Damien: I was doing this thing featuring my girlfriend as a surfer. I started making surfboards as gifts for friends. They ended up putting them on their walls—wouldn’t surf on them, which seemed a real shame. People buy your paintings for boatloads of money and then treat them like religious icons. You can’t touch them. It actually becomes quite frightening. So I liked the idea of making clothes people can wear and go out in. It brings it back down to earth.

Bill: Jay, how did you get started with Rocawear?
Jay Z: My experience was a little different. I was wearing these shirts from Iceberg that had cartoon characters on the front of them. They were expensive, but silly, playful shirts. At my concerts everybody would have them on. So I went to Iceberg to make a deal: “I’m wearing your clothes for myself, but every time I do a concert there’s like three thousands kids in the crowd wearing Iceberg.” But we never made a deal, because we asked for ridiculously huge things. “We want to use the private jet.” They just looked at us sideways, like, “Could you leave now.” Because we hadn’t sold any records yet.

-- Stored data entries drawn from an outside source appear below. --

(* Let $\lambda,\mu,\alpha>0$ and let $\xi(t)$, $t\ge 0$, be the Poisson process with uniform catastrophes with parameters $\lambda,\mu,\alpha$ (defined in the context). Let $\varphi:(0,\infty)\to(0,\infty)$ be a function such that $\lim_{T\to\infty}\varphi(T)/T=\infty$. Then the family of random variables $\xi_T(1):=\xi(T)/\varphi(T)$ satisfies the large deviation principle on $\mathbb{R}$ with normalizing function $\psi(T)=\varphi(T)\ln\frac{\varphi(T)}{T}$ and rate function $$ I_2(x)=\begin{cases}\infty, & x\in(-\infty,0),\\ x, & x\in[0,\infty).\end{cases} $$
   Context: Poisson process with uniform catastrophes: let $\eta(n)$, $n\in\mathbb{Z}^+=\{0,1,2,\dots\}$, be a Markov chain on $\mathbb{Z}^+$ with $\eta(0)=0$ and transition probabilities $\mathbf{P}(\eta(n+1)=j\mid\eta(n)=i)=\frac{\lambda}{\lambda+\mu}$ if $j=i+1$ (and $i\ge 1$), $=\frac{\mu}{i(\lambda+\mu)}$ if $0\le j<i$, $i\neq0$, and $=1$ if $i=0$, $j=1$. Let $\nu(t)$, $t\ge0$, be a Poisson process with rate $\alpha$, independent of $\eta$. Set $\xi(t):=\eta(\nu(t))$. Large deviation principle (LDP): a family of real random variables $X_T$ satisfies the LDP with rate function $I:\mathbb{R}\to[0,\infty]$ and normalizing function $\psi(T)\to\infty$ if for every $c\ge0$ the set $\{x: I(x)\le c\}$ is compact, and for every Borel set $B\subseteq\mathbb{R}$, $\limsup_{T\to\infty}\frac{1}{\psi(T)}\ln\mathbf{P}(X_T\in B)\le -I([B])$ and $\liminf_{T\to\infty}\frac{1}{\psi(T)}\ln\mathbf{P}(X_T\in B)\ge -I((B))$, where $[B]$ and $(B)$ denote closure and interior, $I(B)=\inf_{x\in B}I(x)$ and $I(\emptyset)=\infty$. *)

theory Defs
  imports "HOL-Probability.Probability"
begin

text \<open>One step of the Markov chain eta (embedded chain with uniform catastrophes).\<close>
definition eta_step :: "real \<Rightarrow> real \<Rightarrow> nat \<Rightarrow> nat pmf" where
  "eta_step lam mu i =
     (if i = 0 then return_pmf 1
      else bind_pmf (bernoulli_pmf (lam / (lam + mu)))
             (\<lambda>b. if b then return_pmf (i + 1) else pmf_of_set {0..<i}))"

primrec eta_law :: "real \<Rightarrow> real \<Rightarrow> nat \<Rightarrow> nat pmf" where
  "eta_law lam mu 0 = return_pmf 0"
| "eta_law lam mu (Suc n) = bind_pmf (eta_law lam mu n) (eta_step lam mu)"

text \<open>Law of xi(t) = eta(nu(t)), nu a Poisson process of rate alpha independent of eta:
  nu(t) ~ Poisson(alpha t).\<close>
definition xi_law :: "real \<Rightarrow> real \<Rightarrow> real \<Rightarrow> real \<Rightarrow> nat pmf" where
  "xi_law lam mu alpha t = bind_pmf (poisson_pmf (alpha * t)) (eta_law lam mu)"
text \<open>The finite group G is identified with its (faithful) image in
Aut(M) = GL_d(Z): G is a finite set of d x d integer matrices forming a group under
matrix multiplication, and M = Z^d = int^'d with g acting by g *v v.
M/qM is represented by the vectors with all coordinates reduced into [0,q).
The profinite completion Mhat = lim M/nM is represented by compatible families
x n (n > 0) of canonically reduced vectors, x 0 = 0.
Group cohomology of the finite group G uses inhomogeneous cochains.\<close>

record ('a, 'g) gmodule =
  mcar :: "'a set"
  madd :: "'a \<Rightarrow> 'a \<Rightarrow> 'a"
  mneg :: "'a \<Rightarrow> 'a"
  mact :: "'g \<Rightarrow> 'a \<Rightarrow> 'a"

definition msub :: "('a, 'g, 'z) gmodule_scheme \<Rightarrow> 'a \<Rightarrow> 'a \<Rightarrow> 'a" where
  "msub A x y = madd A x (mneg A y)"

definition vmod :: "int^'d \<Rightarrow> int \<Rightarrow> int^'d" where
  "vmod v n = (\<chi> i. v $ i mod n)"

definition Mint :: "(int^'d, int^'d^'d) gmodule" where
  "Mint = \<lparr>mcar = UNIV, madd = (+), mneg = uminus, mact = (\<lambda>g v. g *v v)\<rparr>"

definition Mq :: "nat \<Rightarrow> (int^'d, int^'d^'d) gmodule" where
  "Mq q = \<lparr>mcar = {v. vmod v (int q) = v},
           madd = (\<lambda>v w. vmod (v + w) (int q)),
           mneg = (\<lambda>v. vmod (- v) (int q)),
           mact = (\<lambda>g v. vmod (g *v v) (int q))\<rparr>"

definition Mhat_car :: "(nat \<Rightarrow> int^'d) set" where
  "Mhat_car = {x. x 0 = 0 \<and> (\<forall>n>0. vmod (x n) (int n) = x n)
                \<and> (\<forall>m n. 0 < m \<longrightarrow> 0 < n \<longrightarrow> m dvd n \<longrightarrow> vmod (x n) (int m) = x m)}"

definition hadd :: "(nat \<Rightarrow> int^'d) \<Rightarrow> (nat \<Rightarrow> int^'d) \<Rightarrow> (nat \<Rightarrow> int^'d)" where
  "hadd x y = (\<lambda>n. if n = 0 then 0 else vmod (x n + y n) (int n))"

definition hneg :: "(nat \<Rightarrow> int^'d) \<Rightarrow> (nat \<Rightarrow> int^'d)" where
  "hneg x = (\<lambda>n. if n = 0 then 0 else vmod (- x n) (int n))"

definition hact :: "int^'d^'d \<Rightarrow> (nat \<Rightarrow> int^'d) \<Rightarrow> (nat \<Rightarrow> int^'d)" where
  "hact g x = (\<lambda>n. if n = 0 then 0 else vmod (g *v x n) (int n))"

definition hscal :: "nat \<Rightarrow> (nat \<Rightarrow> int^'d) \<Rightarrow> (nat \<Rightarrow> int^'d)" where
  "hscal q x = (\<lambda>n. if n = 0 then 0 else vmod (int q *s x n) (int n))"

definition Mhat :: "(nat \<Rightarrow> int^'d, int^'d^'d) gmodule" where
  "Mhat = \<lparr>mcar = Mhat_car, madd = hadd, mneg = hneg, mact = hact\<rparr>"

text \<open>Canonical lift M -> Mhat (used to lift elements of M/qM) and
division by q in Mhat (multiplication by q is injective on Mhat).\<close>

definition hiota :: "int^'d \<Rightarrow> (nat \<Rightarrow> int^'d)" where
  "hiota v = (\<lambda>n. if n = 0 then 0 else vmod v (int n))"

definition hdiv :: "nat \<Rightarrow> (nat \<Rightarrow> int^'d) \<Rightarrow> (nat \<Rightarrow> int^'d)" where
  "hdiv q y = (THE x. x \<in> Mhat_car \<and> hscal q x = y)"

definition d1 :: "('a, int^'d^'d, 'z) gmodule_scheme \<Rightarrow> (int^'d^'d \<Rightarrow> 'a)
                   \<Rightarrow> int^'d^'d \<Rightarrow> int^'d^'d \<Rightarrow> 'a" where
  "d1 A c g h = madd A (msub A (mact A g (c h)) (c (g ** h))) (c g)"

definition cocycle1 :: "(int^'d^'d) set \<Rightarrow> ('a, int^'d^'d, 'z) gmodule_scheme
                        \<Rightarrow> (int^'d^'d \<Rightarrow> 'a) \<Rightarrow> bool" where
  "cocycle1 G A f \<longleftrightarrow> (\<forall>g\<in>G. f g \<in> mcar A)
     \<and> (\<forall>g\<in>G. \<forall>h\<in>G. f (g ** h) = madd A (f g) (mact A g (f h)))"

definition coboundary1 :: "(int^'d^'d) set \<Rightarrow> ('a, int^'d^'d, 'z) gmodule_scheme
                        \<Rightarrow> (int^'d^'d \<Rightarrow> 'a) \<Rightarrow> bool" where
  "coboundary1 G A f \<longleftrightarrow> (\<exists>a\<in>mcar A. \<forall>g\<in>G. f g = msub A (mact A g a) a)"

definition cohomologous1 :: "(int^'d^'d) set \<Rightarrow> ('a, int^'d^'d, 'z) gmodule_scheme
                        \<Rightarrow> (int^'d^'d \<Rightarrow> 'a) \<Rightarrow> (int^'d^'d \<Rightarrow> 'a) \<Rightarrow> bool" where
  "cohomologous1 G A f f' \<longleftrightarrow> coboundary1 G A (\<lambda>g. msub A (f g) (f' g))"

definition cocycle2 :: "(int^'d^'d) set \<Rightarrow> ('a, int^'d^'d, 'z) gmodule_scheme
                        \<Rightarrow> (int^'d^'d \<Rightarrow> int^'d^'d \<Rightarrow> 'a) \<Rightarrow> bool" where
  "cocycle2 G A f \<longleftrightarrow> (\<forall>g\<in>G. \<forall>h\<in>G. f g h \<in> mcar A)
     \<and> (\<forall>g\<in>G. \<forall>h\<in>G. \<forall>k\<in>G.
          madd A (mact A g (f h k)) (f g (h ** k)) = madd A (f (g ** h) k) (f g h))"

definition coboundary2 :: "(int^'d^'d) set \<Rightarrow> ('a, int^'d^'d, 'z) gmodule_scheme
                        \<Rightarrow> (int^'d^'d \<Rightarrow> int^'d^'d \<Rightarrow> 'a) \<Rightarrow> bool" where
  "coboundary2 G A f \<longleftrightarrow> (\<exists>c. (\<forall>g\<in>G. c g \<in> mcar A) \<and> (\<forall>g\<in>G. \<forall>h\<in>G. f g h = d1 A c g h))"

definition cohomologous2 :: "(int^'d^'d) set \<Rightarrow> ('a, int^'d^'d, 'z) gmodule_scheme
       \<Rightarrow> (int^'d^'d \<Rightarrow> int^'d^'d \<Rightarrow> 'a) \<Rightarrow> (int^'d^'d \<Rightarrow> int^'d^'d \<Rightarrow> 'a) \<Rightarrow> bool" where
  "cohomologous2 G A f f' \<longleftrightarrow> coboundary2 G A (\<lambda>g h. msub A (f g h) (f' g h))"
lemma vec_map_eq_iff: "inj h \<Longrightarrow> vec_map h u = vec_map h v \<longleftrightarrow> u = v"
proof
  assume "inj h" "vec_map h u = vec_map h v"
  then show "u = v" by (metis lookup_vec_map poly_mapping_eqI)
qed simp

lemma vec_map_zero[simp]: "vec_map h 0 = 0"
  unfolding vec_map_def by simp

lemma vec_map_eq_0_iff: "inj h \<Longrightarrow> vec_map h v = 0 \<longleftrightarrow> v = 0"
  using vec_map_eq_iff[of h v 0] by simp

lemma vec_map_smul: "vec_map h (smul c v) = smul c (vec_map h v)"
proof (rule poly_mapping_eqI)
  fix k
  have "Sum_any (\<lambda>i. c * Poly_Mapping.lookup v i * (if h i = k then 1 else 0)) =
        c * Sum_any (\<lambda>i. Poly_Mapping.lookup v i * (if h i = k then 1 else 0))"
    by (simp add: Sum_any_right_distrib_idom mult.assoc)
  then show "Poly_Mapping.lookup (vec_map h (smul c v)) k = Poly_Mapping.lookup (smul c (vec_map h v)) k"
    by (simp add: lookup_vec_map_Sum_any)
qed

lemma vec_map_Sum_any:
  assumes inj: "inj h"
  shows "vec_map h (Sum_any f) = Sum_any (\<lambda>x. vec_map h (f x))"
proof (cases "finite {x. f x \<noteq> 0}")
  case True
  have fin2: "finite {x. vec_map h (f x) \<noteq> 0}" using True vec_map_eq_0_iff[OF inj] by simp
  show ?thesis
  proof (rule poly_mapping_eqI)
    fix k
    show "Poly_Mapping.lookup (vec_map h (Sum_any f)) k = Poly_Mapping.lookup (Sum_any (\<lambda>x. vec_map h (f x))) k"
    proof (cases "k \<in> range h")
      case True
      then obtain i where k: "k = h i" by blast
      show ?thesis unfolding k lookup_vec_map[OF inj] lookup_Sum_any[OF fin2] lookup_Sum_any[OF \<open>finite {x. f x \<noteq> 0}\<close>]
        by simp
    next
      case False
      then show ?thesis unfolding lookup_Sum_any[OF fin2] by (simp add: lookup_vec_map_notin_range)
    qed
  qed
next
  case False
  then have "infinite {x. vec_map h (f x) \<noteq> 0}" using vec_map_eq_0_iff[OF inj] by simp
  with False show ?thesis by simp
qed

lemma vec_map_bv: "vec_map h (bv i) = bv (h i)"
proof -
  have "Sum_any (\<lambda>j. smul (Poly_Mapping.lookup (bv i) j) (bv (h j))) = Sum_any (\<lambda>j. if j = i then bv (h j) else 0)"
    by (rule Sum_any.cong) (simp add: lookup_bv)
  then show ?thesis unfolding vec_map_def by simp
qed

lemma vec_map_id: "vec_map (\<lambda>x. x) v = v"
  by (rule poly_mapping_eqI) (metis lookup_vec_map inj_on_id2)

lemma vec_map_vec_map: "inj g \<Longrightarrow> inj h \<Longrightarrow> vec_map g (vec_map h v) = vec_map (\<lambda>x. g (h x)) v"
proof (rule poly_mapping_eqI)
  fix k assume g: "inj g" and h: "inj h"
  have gh: "inj (\<lambda>x. g (h x))" using g h by (simp add: inj_def)
  show "Poly_Mapping.lookup (vec_map g (vec_map h v)) k = Poly_Mapping.lookup (vec_map (\<lambda>x. g (h x)) v) k"
  proof (cases "k \<in> range (\<lambda>x. g (h x))")
    case True
    then obtain i where "k = g (h i)" by blast
    then show ?thesis using lookup_vec_map[OF g] lookup_vec_map[OF h] lookup_vec_map[OF gh] by simp
  next
    case False
    show ?thesis
    proof (cases "k \<in> range g")
      case True
      then obtain j where j: "k = g j" by blast
      then have "j \<notin> range h" using False by blast
      then show ?thesis using j False lookup_vec_map[OF g] lookup_vec_map_notin_range by metis
    next
      case False
      then show ?thesis using \<open>k \<notin> range (\<lambda>x. g (h x))\<close> lookup_vec_map_notin_range by metis
    qed
  qed
qed
lemma set_partition_concat:
  assumes P1: "set_partition a s P1" and P2: "set_partition s t P2"
  shows "set_partition a t (P1 \<union> P2)" and "part_sum F t (P1 \<union> P2) = part_sum F s P1 + part_sum F t P2"
    and "set_mesh_below P1 s d \<Longrightarrow> set_mesh_below P2 t d \<Longrightarrow> set_mesh_below (P1 \<union> P2) t d"
proof -
  have f1: "finite P1" "a \<in> P1" "s \<in> P1" "P1 \<subseteq> {a..s}" using P1 unfolding set_partition_def by auto
  have f2: "finite P2" "s \<in> P2" "t \<in> P2" "P2 \<subseteq> {s..t}" using P2 unfolding set_partition_def by auto
  have st: "s \<le> t" "a \<le> s" using f1 f2 by auto
  show U: "set_partition a t (P1 \<union> P2)" using f1 f2 st unfolding set_partition_def by auto
  have fu: "finite (P1 \<union> P2)" using f1 f2 by simp
  have eq: "P1 \<union> P2 - {t} = (P1 - {s}) \<union> (P2 - {t})"
  proof -
    have "P1 - {s} \<subseteq> {a..<s}" using f1 by auto
    then show ?thesis using f1 f2 st by (cases "s = t") auto
  qed
  have disj: "(P1 - {s}) \<inter> (P2 - {t}) = {}" using f1 f2 by force
  have n1: "next_pt (P1 \<union> P2) x = next_pt P1 x" if x: "x \<in> P1 - {s}" for x
  proof -
    have m: "next_pt P1 x \<in> P1 \<and> x < next_pt P1 x \<and> (\<forall>z\<in>P1. x < z \<longrightarrow> next_pt P1 x \<le> z)" using next_pt_props[OF P1 x] .
    have "next_pt P1 x \<le> s" using m f1 x by auto
    show ?thesis by (rule next_pt_eqI[OF fu]) (use m f2 \<open>next_pt P1 x \<le> s\<close> in force)+
  qed
  have n2: "next_pt (P1 \<union> P2) x = next_pt P2 x" if x: "x \<in> P2 - {t}" for x
  proof -
    have m: "next_pt P2 x \<in> P2 \<and> x < next_pt P2 x \<and> (\<forall>z\<in>P2. x < z \<longrightarrow> next_pt P2 x \<le> z)" using next_pt_props[OF P2 x] .
    have "s \<le> x" using x f2 by auto
    show ?thesis by (rule next_pt_eqI[OF fu]) (use m f1 \<open>s \<le> x\<close> in force)+
  qed
  show "part_sum F t (P1 \<union> P2) = part_sum F s P1 + part_sum F t P2"
    unfolding part_sum_def eq using f1 f2 disj n1 n2 by (simp add: sum.union_disjoint)
  show "set_mesh_below (P1 \<union> P2) t d" if h1: "set_mesh_below P1 s d" and h2: "set_mesh_below P2 t d"
    unfolding set_mesh_below_def eq
  proof
    fix x assume "x \<in> (P1 - {s}) \<union> (P2 - {t})"
    then show "next_pt (P1 \<union> P2) x - x < d"
    proof
      assume x: "x \<in> P1 - {s}"
      then show ?thesis using n1[OF x] h1 unfolding set_mesh_below_def by auto
    next
      assume x: "x \<in> P2 - {t}"
      then show ?thesis using n2[OF x] h2 unfolding set_mesh_below_def by auto
    qed
  qed
qed
lemma is_ideal_Ann_UNIV_invariant:
  fixes S :: "'a::cstar_algebra set"
  assumes "invariant UNIV S"
  shows "is_ideal UNIV (Ann UNIV S)"
proof (rule is_ideal_Ann_UNIV)
  have "Ann UNIV S \<subseteq> Ann UNIV (setprod S UNIV)"
    unfolding Ann_def setprod_def by (auto simp: mult.assoc[symmetric])
  also have "\<dots> = Ann UNIV (setprod UNIV S)"
    using assms unfolding invariant_def by (metis Ann_clspan)
  finally show "Ann UNIV S \<subseteq> Ann UNIV (setprod UNIV S)" .
qed

text \<open>Closed ideals of a C*-algebra are self-adjoint, but proving so needs approximate
  units; the C*-identity gives the symmetry of annihilators directly.\<close>

lemma mult_Ann_UNIV_eq_zero:
  fixes J :: "'a::cstar_algebra set"
  assumes J: "is_ideal UNIV J" and x: "x \<in> Ann UNIV J" and j: "j \<in> J"
  shows "j * x = 0"
proof -
  let ?w = "x * adj x"
  have "?w \<in> Ann UNIV J"
    using is_ideal_Ann_UNIV_ideal[OF J] x unfolding is_ideal_def by blast
  moreover have "adj j * j \<in> J"
    using J j unfolding is_ideal_def by blast
  ultimately have "?w * (adj j * j) = 0"
    unfolding Ann_def by blast
  moreover have "adj (j * ?w) * (j * ?w) = (?w * (adj j * j)) * ?w"
    by (simp add: adj_mult adj_adj mult.assoc)
  ultimately have "adj (j * ?w) * (j * ?w) = 0"
    by simp
  then have "j * ?w = 0"
    by (rule adj_mult_self_eq_zero)
  moreover have "(j * x) * adj (j * x) = (j * ?w) * adj j"
    by (simp add: adj_mult mult.assoc)
  ultimately have "(j * x) * adj (j * x) = 0"
    by simp
  then show ?thesis
    by (rule mult_adj_self_eq_zero)
qed

lemma ideal_subset_Ann_Ann:
  "is_ideal UNIV (J::'a::cstar_algebra set) \<Longrightarrow> J \<subseteq> Ann UNIV (Ann UNIV J)"
  using mult_Ann_UNIV_eq_zero unfolding Ann_def by blast

lemma regular_ideal_Ann_UNIV:
  fixes J :: "'a::cstar_algebra set"
  assumes J: "is_ideal UNIV J"
  shows "regular_ideal UNIV (Ann UNIV J)"
proof -
  have K: "is_ideal UNIV (Ann UNIV J)"
    using is_ideal_Ann_UNIV_ideal[OF J] .
  have "Ann UNIV (Ann UNIV (Ann UNIV J)) \<subseteq> Ann UNIV J"
    by (rule Ann_antimono[OF ideal_subset_Ann_Ann[OF J]])
  with ideal_subset_Ann_Ann[OF K] show ?thesis
    unfolding regular_ideal_def using K by blast
qed

lemma Ann_inter_self_subset_zero:
  fixes S :: "'a::cstar_algebra set"
  assumes "\<And>s. s \<in> S \<Longrightarrow> adj s * s \<in> S"
  shows "Ann C S \<inter> S \<subseteq> {0}"
proof
  fix y assume y: "y \<in> Ann C S \<inter> S"
  let ?x = "adj y * y"
  have "y * ?x = 0"
    using y assms unfolding Ann_def by blast
  then have "adj ?x * ?x = 0"
    by (simp add: adj_mult adj_adj mult.assoc)
  then show "y \<in> {0}"
    by (auto dest!: adj_mult_self_eq_zero)
qed

lemma is_ideal_Int: "is_ideal C I \<Longrightarrow> is_ideal C J \<Longrightarrow> is_ideal C (I \<inter> J)"
  unfolding is_ideal_def by auto

lemma is_ideal_inter_subalgebra:
  "is_ideal UNIV J \<Longrightarrow> cstar_subalgebra A \<Longrightarrow> is_ideal A (J \<inter> A)"
  unfolding is_ideal_def cstar_subalgebra_def by (auto intro: closed_Int)

locale iip_inv_subalgebra =
  fixes A :: "'a::cstar_algebra set"
  assumes subalgebra: "cstar_subalgebra A"
    and iip: "ideal_intersection_property A"
    and inv: "axiom_inv A"
begin

lemma Ann_UNIV_inter_eq:
  assumes J: "is_ideal UNIV J"
  shows "Ann UNIV (J \<inter> A) = Ann UNIV J"
proof
  show "Ann UNIV J \<subseteq> Ann UNIV (J \<inter> A)"
    by (rule Ann_antimono) blast
  let ?N = "Ann UNIV (J \<inter> A)"
  have N: "is_ideal UNIV ?N"
    using inv J unfolding axiom_inv_def by (blast intro: is_ideal_Ann_UNIV_invariant)
  have "adj s * s \<in> J \<inter> A" if "s \<in> J \<inter> A" for s
    using that J subalgebra unfolding is_ideal_def cstar_subalgebra_def by blast
  then have "?N \<inter> J \<inter> A \<subseteq> {0}"
    using Ann_inter_self_subset_zero[of "J \<inter> A" UNIV] by (simp add: Int_assoc)
  moreover have "0 \<in> ?N \<inter> J \<inter> A"
    using N J subalgebra unfolding is_ideal_def cstar_subalgebra_def by blast
  moreover have "is_ideal UNIV (?N \<inter> J)"
    using N J by (rule is_ideal_Int)
  ultimately have NJ: "?N \<inter> J = {0}"
    using iip unfolding ideal_intersection_property_def by blast
  show "?N \<subseteq> Ann UNIV J"
  proof
    fix x assume x: "x \<in> ?N"
    have "x * j \<in> ?N \<inter> J" if "j \<in> J" for j
      using N J x that unfolding is_ideal_def by blast
    then show "x \<in> Ann UNIV J"
      using NJ unfolding Ann_def by blast
  qed
qed

lemma Ann_Ann_inter_regular:
  "J \<in> regular_ideals_B \<Longrightarrow> Ann UNIV (Ann UNIV (J \<inter> A)) = J"
  unfolding regular_ideals_B_def regular_ideal_def by (simp add: Ann_UNIV_inter_eq)

lemma inter_mem_regular_inv_ideals:
  assumes "J \<in> regular_ideals_B"
  shows "J \<inter> A \<in> regular_inv_ideals A"
proof -
  have J: "is_ideal UNIV J" and JJ: "Ann UNIV (Ann UNIV J) = J"
    using assms unfolding regular_ideals_B_def regular_ideal_def by auto
  have "Ann A (Ann A (J \<inter> A)) = Ann UNIV (Ann UNIV J \<inter> A) \<inter> A"
    by (simp add: Ann_eq_Ann_UNIV_inter[of A] Ann_UNIV_inter_eq[OF J])
  also have "\<dots> = J \<inter> A"
    by (simp add: Ann_UNIV_inter_eq[OF is_ideal_Ann_UNIV_ideal[OF J]] JJ)
  finally show ?thesis
    using J inv is_ideal_inter_subalgebra[OF J subalgebra]
    unfolding regular_inv_ideals_def regular_ideal_def axiom_inv_def by blast
qed

lemma Ann_Ann_inter_regular_inv:
  assumes "I \<in> regular_inv_ideals A"
  shows "Ann UNIV (Ann UNIV I) \<inter> A = I"
proof -
  have "is_ideal UNIV (Ann UNIV I)"
    using assms unfolding regular_inv_ideals_def by (blast intro: is_ideal_Ann_UNIV_invariant)
  then have "Ann UNIV (Ann UNIV I) \<inter> A = Ann A (Ann A I)"
    by (simp add: Ann_eq_Ann_UNIV_inter[of A] Ann_UNIV_inter_eq)
  also have "\<dots> = I"
    using assms unfolding regular_inv_ideals_def regular_ideal_def by blast
  finally show ?thesis .
qed

lemma inter_subset_inter_iff:
  assumes "J1 \<in> regular_ideals_B" "J2 \<in> regular_ideals_B"
  shows "J1 \<inter> A \<subseteq> J2 \<inter> A \<longleftrightarrow> J1 \<subseteq> J2"
  using Ann_antimono[OF Ann_antimono, of "J1 \<inter> A" "J2 \<inter> A" UNIV UNIV]
  by (auto simp: assms Ann_Ann_inter_regular)

end

lemma Ann_Ann_mem_regular_ideals_B:
  "invariant UNIV I \<Longrightarrow> Ann UNIV (Ann UNIV I) \<in> regular_ideals_B"
  unfolding regular_ideals_B_def by (blast intro: regular_ideal_Ann_UNIV is_ideal_Ann_UNIV_invariant)

theorem theorem3p5:
  fixes A :: "'a::cstar_algebra set"
  assumes "cstar_subalgebra A"
    and "ideal_intersection_property A"
    and "axiom_inv A"
  shows "(\<forall>J\<in>regular_ideals_B. J \<inter> A \<in> regular_inv_ideals A)
    \<and> bij_betw (\<lambda>J. J \<inter> A) regular_ideals_B (regular_inv_ideals A)
    \<and> (\<forall>J1\<in>regular_ideals_B. \<forall>J2\<in>regular_ideals_B. J1 \<subseteq> J2 \<longleftrightarrow> J1 \<inter> A \<subseteq> J2 \<inter> A)
    \<and> (\<forall>I\<in>regular_inv_ideals A.
         Ann UNIV (Ann UNIV I) \<in> regular_ideals_B \<and> Ann UNIV (Ann UNIV I) \<inter> A = I)"
proof -
  interpret iip_inv_subalgebra A
    using assms by unfold_locales
  have \<beta>_regular: "\<forall>I\<in>regular_inv_ideals A. Ann UNIV (Ann UNIV I) \<in> regular_ideals_B"
    unfolding regular_inv_ideals_def by (blast intro: Ann_Ann_mem_regular_ideals_B)
  have "bij_betw (\<lambda>J. J \<inter> A) regular_ideals_B (regular_inv_ideals A)"
    by (rule bij_betw_byWitness[where f' = "\<lambda>I. Ann UNIV (Ann UNIV I)"])
      (use \<beta>_regular in \<open>auto simp: Ann_Ann_inter_regular Ann_Ann_inter_regular_inv
        inter_mem_regular_inv_ideals\<close>)
  with \<beta>_regular show ?thesis
    using inter_mem_regular_inv_ideals inter_subset_inter_iff Ann_Ann_inter_regular_inv by blast
qed

end
lemma poly_num_cis:
  "poly (cpoly (num n)) (cis (pi / real k)) =
    (\<Sum>mu\<in>partitions (n mod k). poly (cpoly (h_part n (extend_partition n k mu) div G n)) (cis (pi / real k)))"
proof -
  let ?g = "\<lambda>lam. poly (cpoly (h_part n lam div G n)) (cis (pi / real k))"
  have "poly (cpoly (num n)) (cis (pi / real k)) = (\<Sum>lam\<in>partitions n. ?g lam)"
    by (simp add: num_eq_sum_h_part_div_G poly_sum)
  also have "\<dots> = (\<Sum>lam\<in>extend_partition n k ` partitions (n mod k). ?g lam)"
    using extend_partition_in_partitions[OF k(1)] poly_h_part_div_G_cis_eq_0
    by (intro sum.mono_neutral_right finite_partitions) auto
  also have "\<dots> = (\<Sum>mu\<in>partitions (n mod k). ?g (extend_partition n k mu))"
    by (simp add: sum.reindex inj_extend_partition)
  finally show ?thesis .
qed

So right after that we started our own clothing company.
Damien: Good thinking.

Bill: Do you ever think about doing a scent, Damien?
Damien: Yeah. Formaldehyde by Damien Hirst. If you want to fuck women, wear Formaldehyde. I did get asked to do one once, but I passed. It’s not for me.

Bill: Is your hundred million dollar skull going on the road soon?
Damien: Yes, we’re taking For the Love of God on a world tour, starting at the Hermitage Museum in St. Petersburg in April, then to Korea and China. That’s all we know so far, but it will probably come to New York after that. It’s a four-year tour. You know, a lot of people got fucked up about the price tag, but the way the market is now, it’s looking cheap. It’s definitely one of those things you couldn’t make again. We had to corner the market on diamonds and be super-secretive so we could get the perfect quality. I think they were onto us by the end of it. I’d love for you to see it the next time you’re in London, Jay. It’s in a vault there at the moment. You know, when I made it, I was worried that it might look tacky or bling. I mean, it’s a lot of money to be playing around with. But I’m telling you, it’s a motherfucker. It takes your breath away.

Bill: I wish you’d brought it with you.
Jay Z: Put it on a necklace and bring it over.
Damien: You’d think it might come off as morbid, but for me it goes the other way. It’s like a victory over death — kind of a spiritual thing.

Bill: Speaking of which, what’s your perspective on your own mortality, Jay?
Damien: Can I answer this one for you, Jay? He’s against it!

Bill: So, you’re both anti-mortality.
Jay Z: Actually, I have a line on the latest album that goes, “This is why I be so fresh/I’m trying to beat life cause I can’t cheat death.”

Bill:  It reminds me of the Philip Larkin poem which begins with the lines, “Being brave/Lets no one off the grave.” Damien, you had a Larkin poem in one of your catalogues, no?
Damien: Yeah. There’s another great one that goes, “They fuck you up, your mom and dad/ They don’t mean to, but they do/ They fill you with the faults they had/ And add some extra just for you.”

Bill: Jay, do you ever come up with a title and then write songs to fit it?
Jay Z: Not really. The title of a track pretty much derives from the hook.
Damien: It’s probably better that way — it’s almost like the song names itself. A great title I liked early on was, “Nothing Is a Problem for Me.” I love all those things that say something, and then in the same breath deny it.